Less severe eye burns (grade III) are characterized by superficial ischemia of the conjunctival tissue. In these cases where regular anterior chamber structures are preserved and there is no damage to the iris, ectropium uveae or fibrinous exsudation, subsequent management takes the form of a more conservative therapy. Admission to and treatment in a local eye clinic are thus sufficient (Reim & Kuckelkorn 1995).

Most severe eye burns (grade IV) lead to significant limbal ischemia and necrosis of the bulbar and tarsal conjunctiva as well as of the episcleral tissue down to the fornices. In cases with superficial necrosis, the deep episcleral vessels are still perfused while necrosis of the deeper episcleral tissue is associated with thrombosis of the episcleral vessels. In these severe cases, opacification of the cornea is common and the anterior chamber structures are obscured. A greyish aspect of the iris, ectropium uveae and the breakdown of the blood aqueous barrier with fibrinous exsudation into the anterior chamber confirm the destruction of the deep anterior segment. The lids and aspects of the tarsal conjunctiva are often involved. Many problems arise in the acute phase of the burn. The most delicate problem is preventing the eye from early melting.

Necrosis of the conjunctiva and subconjunctival tissue is accompanied by a considerable exsudation of leucozytes (PMN's). These leucozytes release large amounts of lysosomal enzymes. The matrix metalloproteinases (MMP), collagenase (MMP-1 and MMP-8; Itoi et al. 1969; Hook et al. 1971; Newsome & Gross 1977; Johnson-Muller & Gross 1978; Kuter et al. 1989; Fini & Girard 1990), gelatinase (MMP-2, MMP-9) (Collier et al. 1988; Fini & Girard 1990; Huhtala et al. 1990), and stromelysin (MMP-3; Collier et al. 1988; Chin et al. 1995) in particular are responsible for the splitting of the collagen molecules and the development of corneoscleral and corneal ulceration, characteristically 4–6 weeks after the accident.
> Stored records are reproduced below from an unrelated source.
lemma prod_sum_eq_sum_lists:
  fixes h :: "nat \<Rightarrow> 'b \<Rightarrow> 'a::comm_semiring_1"
  assumes "finite B"
  shows "(\<Prod>i<m. \<Sum>S\<in>B. h i S) = (\<Sum>ss\<in>{ss. set ss \<subseteq> B \<and> length ss = m}. \<Prod>i<m. h i (ss!i))"
proof (induction m arbitrary: h)
  case 0
  have "{ss. set ss \<subseteq> B \<and> length ss = 0} = {[]}" by auto
  then show ?case by simp
next
  case (Suc m)
  let ?C = "\<lambda>m. {ss. set ss \<subseteq> B \<and> length ss = m}"
  have "(\<Prod>i<Suc m. \<Sum>S\<in>B. h i S) = (\<Sum>S\<in>B. h 0 S) * (\<Sum>ss\<in>?C m. \<Prod>i<m. h (Suc i) (ss!i))"
    using Suc.IH[of "\<lambda>i. h (Suc i)"] by (simp only: prod.lessThan_Suc_shift)
  also have "\<dots> = (\<Sum>p\<in>B \<times> ?C m. h 0 (fst p) * (\<Prod>i<m. h (Suc i) (snd p ! i)))"
    by (simp add: sum_product sum.cartesian_product split_def)
  also have "\<dots> = (\<Sum>ss\<in>?C (Suc m). \<Prod>i<Suc m. h i (ss!i))"
  proof (rule sum.reindex_bij_witness[where i = "\<lambda>ss. (hd ss, tl ss)" and j = "\<lambda>p. fst p # snd p"])
    fix ss assume "ss \<in> ?C (Suc m)"
    then show "fst (hd ss, tl ss) # snd (hd ss, tl ss) = ss" "(hd ss, tl ss) \<in> B \<times> ?C m"
      by (cases ss; auto)+
  next
    fix p assume "p \<in> B \<times> ?C m"
    then show "(hd (fst p # snd p), tl (fst p # snd p)) = p" "fst p # snd p \<in> ?C (Suc m)" by auto
    show "(\<Prod>i<Suc m. h i ((fst p # snd p)!i)) = h 0 (fst p) * (\<Prod>i<m. h (Suc i) (snd p ! i))"
      by (simp only: prod.lessThan_Suc_shift nth_Cons_0 nth_Cons_Suc)
  qed
  finally show ?case .
qed

lemma prods_eq_sum_supported_lists:
  assumes "degx S \<le> n"
  shows "prods fs S = (\<Sum>ss\<in>{ss. set ss \<subseteq> (\<Union>f\<in>set fs. {S. f S \<noteq> 0 \<and> degx S \<le> n}) \<and>
                               length ss = length fs \<and> bul ss = S}. \<Prod>i<length fs. (fs!i) (ss!i))"
  unfolding prods_eq_sum_fiber
proof (rule sum.mono_neutral_right[OF finite_fiber])
  show "\<forall>ss\<in>fiber (length fs) S - {ss. set ss \<subseteq> (\<Union>f\<in>set fs. {S. f S \<noteq> 0 \<and> degx S \<le> n}) \<and>
          length ss = length fs \<and> bul ss = S}. (\<Prod>i<length fs. (fs!i) (ss!i)) = 0"
  proof (intro ballI prod_zero)
    fix ss assume ss: "ss \<in> fiber (length fs) S - {ss. set ss \<subseteq> (\<Union>f\<in>set fs. {S. f S \<noteq> 0 \<and> degx S \<le> n}) \<and>
          length ss = length fs \<and> bul ss = S}"
    then have "\<not> set ss \<subseteq> (\<Union>f\<in>set fs. {S. f S \<noteq> 0 \<and> degx S \<le> n})" "length ss = length fs"
      by (auto simp: fiber_def)
    then obtain i where i: "i < length fs" "ss!i \<notin> (\<Union>f\<in>set fs. {S. f S \<noteq> 0 \<and> degx S \<le> n})"
      by (auto simp: subset_iff in_set_conv_nth)
    moreover have "degx (ss!i) \<le> n"
      using ss i assms degx_le_degx_bul[of ss _ S "ss!i"] by (auto simp: fiber_def)
    ultimately show "\<exists>i\<in>{..<length fs}. (fs!i) (ss!i) = 0" by auto
  qed simp
qed (auto simp: fiber_def)

lemma phi_prods_eq_sum_lists:
  assumes a: "pos_ord_x a" and fs: "\<And>f. f \<in> set fs \<Longrightarrow> loc_finite f"
    and C: "C = {ss. set ss \<subseteq> (\<Union>f\<in>set fs. {S. f S \<noteq> 0 \<and> degx S \<le> degx T}) \<and> length ss = length fs}"
  shows "phi a b (prods fs) T = (\<Sum>ss\<in>C. (\<Prod>i<length fs. (fs!i) (ss!i)) * phiO a b (bul ss) T)"
proof -
  let ?tup = "\<lambda>ss. \<Prod>i<length fs. (fs!i) (ss!i)"
  have "finite (\<Union>f\<in>set fs. {S. f S \<noteq> 0 \<and> degx S \<le> degx T})" using fs loc_finite_le by blast
  then have fC: "finite C" unfolding C by (rule finite_lists_length_eq)
  have "phi a b (prods fs) T = (\<Sum>S\<in>bul ` C. prods fs S * phiO a b S T)"
  proof (rule phi_eq_sum[OF a])
    show "{S. prods fs S \<noteq> 0 \<and> degx S \<le> degx T} \<subseteq> bul ` C"
      using prods_eq_sum_supported_lists[of _ "degx T" fs] unfolding C
      by (force elim: sum.not_neutral_contains_not_neutral)
  qed (use fC in simp)
  also have "\<dots> = (\<Sum>S\<in>bul ` C. \<Sum>ss\<in>{ss\<in>C. bul ss = S}. ?tup ss * phiO a b S T)"
  proof (rule sum.cong[OF refl])
    fix S
    show "prods fs S * phiO a b S T = (\<Sum>ss\<in>{ss\<in>C. bul ss = S}. ?tup ss * phiO a b S T)"
    proof (cases "degx S \<le> degx T")
      case True
      then show ?thesis unfolding prods_eq_sum_supported_lists[OF True] C
        by (simp add: sum_distrib_right conj_assoc)
    next
      case False
      then have "phiO a b S T = 0" using degx_le_if_phiO_nonzero[OF a] by blast
      then show ?thesis by simp
    qed
  qed
  also have "\<dots> = (\<Sum>S\<in>bul ` C. \<Sum>ss\<in>{ss\<in>C. bul ss = S}. ?tup ss * phiO a b (bul ss) T)"
    by (intro sum.cong) auto
  also have "\<dots> = (\<Sum>ss\<in>C. ?tup ss * phiO a b (bul ss) T)"
    by (rule sum.image_gen[OF fC, symmetric])
  finally show ?thesis .
qed

lemma prods_map_phi_eq_sum_lists:
  assumes a: "pos_ord_x a" and fs: "\<And>f. f \<in> set fs \<Longrightarrow> loc_finite f"
    and C: "C = {ss. set ss \<subseteq> (\<Union>f\<in>set fs. {S. f S \<noteq> 0 \<and> degx S \<le> degx T}) \<and> length ss = length fs}"
  shows "prods (map (phi a b) fs) T =
           (\<Sum>ss\<in>C. (\<Prod>i<length fs. (fs!i) (ss!i)) * prods (map (phiO a b) ss) T)"
proof -
  let ?m = "length fs"
  define B where "B = (\<Union>f\<in>set fs. {S. f S \<noteq> 0 \<and> degx S \<le> degx T})"
  have fB: "finite B" unfolding B_def using fs loc_finite_le by auto
  have "prods (map (phi a b) fs) T = (\<Sum>tt\<in>fiber ?m T. \<Prod>i<?m. phi a b (fs!i) (tt!i))"
    unfolding prods_eq_sum_fiber by simp
  also have "\<dots> = (\<Sum>tt\<in>fiber ?m T. \<Prod>i<?m. \<Sum>S\<in>B. (fs!i) S * phiO a b S (tt!i))"
  proof (intro sum.cong prod.cong refl phi_eq_sum[OF a fB])
    fix tt i assume "tt \<in> fiber ?m T" "i \<in> {..<?m}"
    then have "degx (tt!i) \<le> degx T" by (auto simp: fiber_def intro: degx_le_degx_bul)
    with \<open>i \<in> {..<?m}\<close> show "{S. (fs!i) S \<noteq> 0 \<and> degx S \<le> degx (tt!i)} \<subseteq> B"
      unfolding B_def by force
  qed
  also have "\<dots> = (\<Sum>tt\<in>fiber ?m T. \<Sum>ss\<in>C. \<Prod>i<?m. (fs!i) (ss!i) * phiO a b (ss!i) (tt!i))"
    unfolding C B_def[symmetric] by (rule sum.cong[OF refl], rule prod_sum_eq_sum_lists[OF fB])
  also have "\<dots> = (\<Sum>ss\<in>C. (\<Prod>i<?m. (fs!i) (ss!i)) * prods (map (phiO a b) ss) T)"
    unfolding prods_eq_sum_fiber
    by (subst sum.swap) (auto simp: prod.distrib sum_distrib_left C intro!: sum.cong)
  finally show ?thesis .
qed

lemma phi_prods:
  assumes "pos_ord_x a" "\<And>f. f \<in> set fs \<Longrightarrow> loc_finite f"
  shows "phi a b (prods fs) T = prods (map (phi a b) fs) T"
  using phi_prods_eq_sum_lists[OF assms refl] prods_map_phi_eq_sum_lists[OF assms refl] by (simp add: phiO_bul)

definition yser :: "('a::{zero,one}) pser" where
  "yser = (\<lambda>S. if S = Some (Lf Y) then 1 else 0)"

lemma phi_single:
  "pos_ord_x a \<Longrightarrow> phi a b (\<lambda>S. if S = S0 then c else 0) T = c * phiO a b S0 T"
  by (subst phi_eq_sum[where A = "{S0}"]) auto

lemma phi_oneser: "pos_ord_x a \<Longrightarrow> phi a b oneser = oneser"
  by (rule ext) (simp add: oneser_def phi_single phiO_def)

lemma phi_xser: "pos_ord_x a \<Longrightarrow> phi a b xser = a"
  by (rule ext) (simp add: xser_def phi_single phiO_def)

lemma phi_yser: "pos_ord_x a \<Longrightarrow> phi a b yser = b"
  by (rule ext) (simp add: yser_def phi_single phiO_def)

lemma pos_ord_x_xser: "pos_ord_x xser"
  using loc_finite_xser by (simp add: pos_ord_x_def xser_def degx_def)

lemma phi_add:
  assumes a: "pos_ord_x a" and f: "loc_finite f" and g: "loc_finite g"
  shows "phi a b (\<lambda>S. f S + g S) T = phi a b f T + phi a b g T"
proof -
  let ?A = "{S. f S \<noteq> 0 \<and> degx S \<le> degx T} \<union> {S. g S \<noteq> 0 \<and> degx S \<le> degx T}"
  have fA: "finite ?A" using loc_finite_le f g by auto
  have "phi a b (\<lambda>S. f S + g S) T = (\<Sum>S\<in>?A. (f S + g S) * phiO a b S T)"
    by (rule phi_eq_sum[OF a fA]) auto
  also have "\<dots> = phi a b f T + phi a b g T"
    by (subst (1 2) phi_eq_sum[OF a fA]) (auto simp: distrib_right sum.distrib)
  finally show ?thesis .
qed

lemma phi_diff:
  assumes a: "pos_ord_x a" and f: "loc_finite f" and g: "loc_finite g"
  shows "phi a b (\<lambda>S. f S - g S) T = phi a b f T - phi a b g T"
proof -
  let ?A = "{S. f S \<noteq> 0 \<and> degx S \<le> degx T} \<union> {S. g S \<noteq> 0 \<and> degx S \<le> degx T}"
  have fA: "finite ?A" using loc_finite_le f g by auto
  have "phi a b (\<lambda>S. f S - g S) T = (\<Sum>S\<in>?A. (f S - g S) * phiO a b S T)"
    by (rule phi_eq_sum[OF a fA]) auto
  also have "\<dots> = phi a b f T - phi a b g T"
    by (subst (1 2) phi_eq_sum[OF a fA]) (auto simp: left_diff_distrib sum_subtractf)
  finally show ?thesis .
qed

lemma phi_sum:
  assumes a: "pos_ord_x a" and I: "finite I" and F: "\<And>i. i \<in> I \<Longrightarrow> loc_finite (F i)"
  shows "phi a b (\<lambda>S. \<Sum>i\<in>I. F i S) T = (\<Sum>i\<in>I. phi a b (F i) T)"
proof -
  let ?A = "\<Union>i\<in>I. {S. F i S \<noteq> 0 \<and> degx S \<le> degx T}"
  have fA: "finite ?A" using loc_finite_le F I by auto
  have "phi a b (\<lambda>S. \<Sum>i\<in>I. F i S) T = (\<Sum>S\<in>?A. (\<Sum>i\<in>I. F i S) * phiO a b S T)"
    by (rule phi_eq_sum[OF a fA]) (auto dest: sum.not_neutral_contains_not_neutral)
  also have "\<dots> = (\<Sum>i\<in>I. \<Sum>S\<in>?A. F i S * phiO a b S T)"
    by (simp add: sum_distrib_right sum.swap[of _ ?A])
  also have "\<dots> = (\<Sum>i\<in>I. phi a b (F i) T)"
    by (intro sum.cong refl phi_eq_sum[OF a fA, symmetric]) auto
  finally show ?thesis .
qed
The basic principle in the treatment of these eyes is to reduce the inflammatory response caused by the necrotic tissue. The traditional mainstay of therapy is the early and intensive application of corticosteroids (Donshik et al. 1978; Leibowitz 1980; Reim & Schmidt-Martens 1982; Kenyon 1985; Reim 1987). Additionally, local antibiotics are necessary to prevent microbiobal infections until the ocular surface has reepithelialized (Girard et al. 1970; Kuckelkorn et al. 1987; Beare 1990). Tetracycline derivates play an important role because they have been shown to inhibit metallo-proteinases (Brion et al. 1985; Golup et al. 1987; Seedor et al. 1987; Burns et al. 1989; Perry et al. 1993) independently of their anti-microbial properties.
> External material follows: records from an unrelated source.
lemma scaled_count_eq_0: "N < t \<Longrightarrow> scaled_count k c N t = 0"
proof (induction N arbitrary: t)
  case 0
  then show ?case by simp
next
  case (Suc N)
  then show ?case by (cases t) auto
qed

lemma power_div_fact_Suc_step:
  fixes H b P :: real
  assumes "H \<ge> 0" "b \<ge> 0" "P \<ge> 0"
  shows "H ^ Suc s / fact (Suc s) * P + b * (H ^ s / fact s * P) \<le> (H + b) ^ Suc s / fact (Suc s) * P"
proof -
  have "real (Suc s) * b * H ^ s / fact (Suc s) = real (Suc s) * (b * H ^ s) / (real (Suc s) * fact s)"
    by (simp only: fact_Suc mult.assoc)
  also have "\<dots> = b * H ^ s / fact s"
    by (rule mult_divide_mult_cancel_left) simp
  finally have "H ^ Suc s / fact (Suc s) * P + b * (H ^ s / fact s * P)
      = (H ^ Suc s + real (Suc s) * b * H ^ s) / fact (Suc s) * P"
    by (simp add: add_divide_distrib distrib_right)
  also have "\<dots> \<le> (H + b) ^ Suc s / fact (Suc s) * P"
    using power_add_ge_first_terms[OF assms(1,2), of s] assms(3)
    by (intro mult_right_mono divide_right_mono) auto
  finally show ?thesis .
qed

lemma off_weight_mult_prod_le:
  assumes "\<forall>b\<le>k. c b \<in> {0, 1}" "t \<le> N"
  shows "off_weight k c (Suc N) * (\<Prod>i=1..N-t. off_weight k c i) \<le> (\<Prod>i=1..Suc N-t. off_weight k c i)"
proof -
  have "off_weight k c (Suc N) * (\<Prod>i=1..N-t. off_weight k c i)
      \<le> off_weight k c (Suc (N - t)) * (\<Prod>i=1..N-t. off_weight k c i)"
    using assms off_weight_antimono[OF assms(1), of "Suc (N - t)" "Suc N"] off_weight_nonneg[OF assms(1)]
    by (intro mult_right_mono prod_nonneg) auto
  also have "\<dots> = (\<Prod>i=1..Suc N-t. off_weight k c i)"
    using assms(2) by (simp add: Suc_diff_le)
  finally show ?thesis .
qed

lemma scaled_count_le:
  assumes c01: "\<forall>b\<le>k. c b \<in> {0, 1}"
  shows "scaled_count k c N t
    \<le> (\<Sum>j=1..N. on_weight k c j) ^ t / fact t * (\<Prod>i=1..N-t. off_weight k c i)"
proof (induction N arbitrary: t)
  case 0
  then show ?case by simp
next
  case (Suc N)
  define H where "H = (\<Sum>j=1..N. on_weight k c j)"
  define P where "P s = (\<Prod>i=1..s. off_weight k c i)" for s
  let ?a = "off_weight k c (Suc N)" and ?b = "on_weight k c (Suc N)"
  have H: "H \<ge> 0" and P: "P s \<ge> 0" and a: "?a \<ge> 0" and b: "?b \<ge> 0" for s
    unfolding H_def P_def using off_weight_nonneg[OF c01]
    by (auto intro: sum_nonneg prod_nonneg on_weight_nonneg)
  have IH: "scaled_count k c N s \<le> H ^ s / fact s * P (N - s)" for s
    using Suc.IH unfolding H_def P_def .
  have a_IH: "?a * scaled_count k c N t \<le> H ^ t / fact t * P (Suc N - t)"
  proof (cases "t \<le> N")
    case True
    have "?a * scaled_count k c N t \<le> ?a * (H ^ t / fact t * P (N - t))"
      using IH a by (rule mult_left_mono)
    also have "\<dots> = H ^ t / fact t * (?a * P (N - t))"
      by simp
    also have "\<dots> \<le> H ^ t / fact t * P (Suc N - t)"
      using off_weight_mult_prod_le[OF c01 True] H unfolding P_def by (intro mult_left_mono) auto
    finally show ?thesis .
  next
    case False
    then show ?thesis
      using H P by (simp add: scaled_count_eq_0)
  qed
  show ?case
  proof (cases t)
    case 0
    then show ?thesis
      using a_IH by (simp add: H_def P_def)
  next
    case (Suc s)
    have "scaled_count k c (Suc N) t = ?a * scaled_count k c N t + ?b * scaled_count k c N s"
      using Suc by simp
    also have "\<dots> \<le> H ^ Suc s / fact (Suc s) * P (N - s) + ?b * (H ^ s / fact s * P (N - s))"
      using add_mono[OF a_IH mult_left_mono[OF IH b]] Suc by simp
    also have "\<dots> \<le> (H + ?b) ^ Suc s / fact (Suc s) * P (N - s)"
      using H b P by (rule power_div_fact_Suc_step)
    finally show ?thesis
      using Suc by (simp add: H_def P_def)
  qed
qed

theorem theorem5p1:
  fixes k n m :: nat and c :: "nat \<Rightarrow> nat"
  assumes "k \<ge> 1" and "n \<ge> 2"
    and "\<forall>\<beta>\<le>k. c \<beta> \<in> {0, 1}"
    and "1 \<le> m" and "m \<le> n"
  shows "O_C_max k c n m \<ge> real (O_C k c n (m + c k - 1))"
proof -
  obtain N where N: "n = Suc N"
    using assms(2) by (cases n) auto
  obtain t where t: "m = Suc t"
    using assms(4) by (cases m) auto
  have "real (O_C k c n (m + c k - 1)) = fact N ^ k * scaled_count k c N t"
    using weight_count_eq_scaled_count[OF assms(3)] by (simp add: O_C_eq_weight_count N t)
  also have "\<dots> \<le> fact N ^ k * ((\<Sum>j=1..N. on_weight k c j) ^ t / fact t * (\<Prod>i=1..N-t. off_weight k c i))"
    using scaled_count_le[OF assms(3)] by (intro mult_left_mono) auto
  also have "\<dots> = O_C_max k c n m"
    by (simp add: O_C_max_def HC_eq_sum_on_weight off_weight_def N t)
  finally show ?thesis .
qed

end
Besides conservative therapy, active surgical intervention with the débridement of necrotic conjunctival and subconjunctival tissue is necessary in order to remove a nidus of continued inflammation from retained caustic materials, although also any accumulation of PMN and to prevent the sustained release of their destructive enzymes. Special reconstructive approaches such as tenonplasty allow the denuded avascular sclera to be covered with vital connective tissue prepared from the equator of the globe (Reim & Teping 1989; Reim 1992; Reim & Kuckelkorn 1992, 1995; Kuckelkorn & Reim 1993; Reim & Leber 1993; Kuckelkorn et al. 1995). The main advantage of this tissue is that it enables the reconstruction of the conjunctival matrix and of limbal vascularity. These interventions prevent anterior segment necrosis and/or sterile ulceration and the eye is preserved. It is advisable to admit these cases to an eye clinic specialized in the treatment of these eyes and familiar with specialized procedures in plastic reconstruction.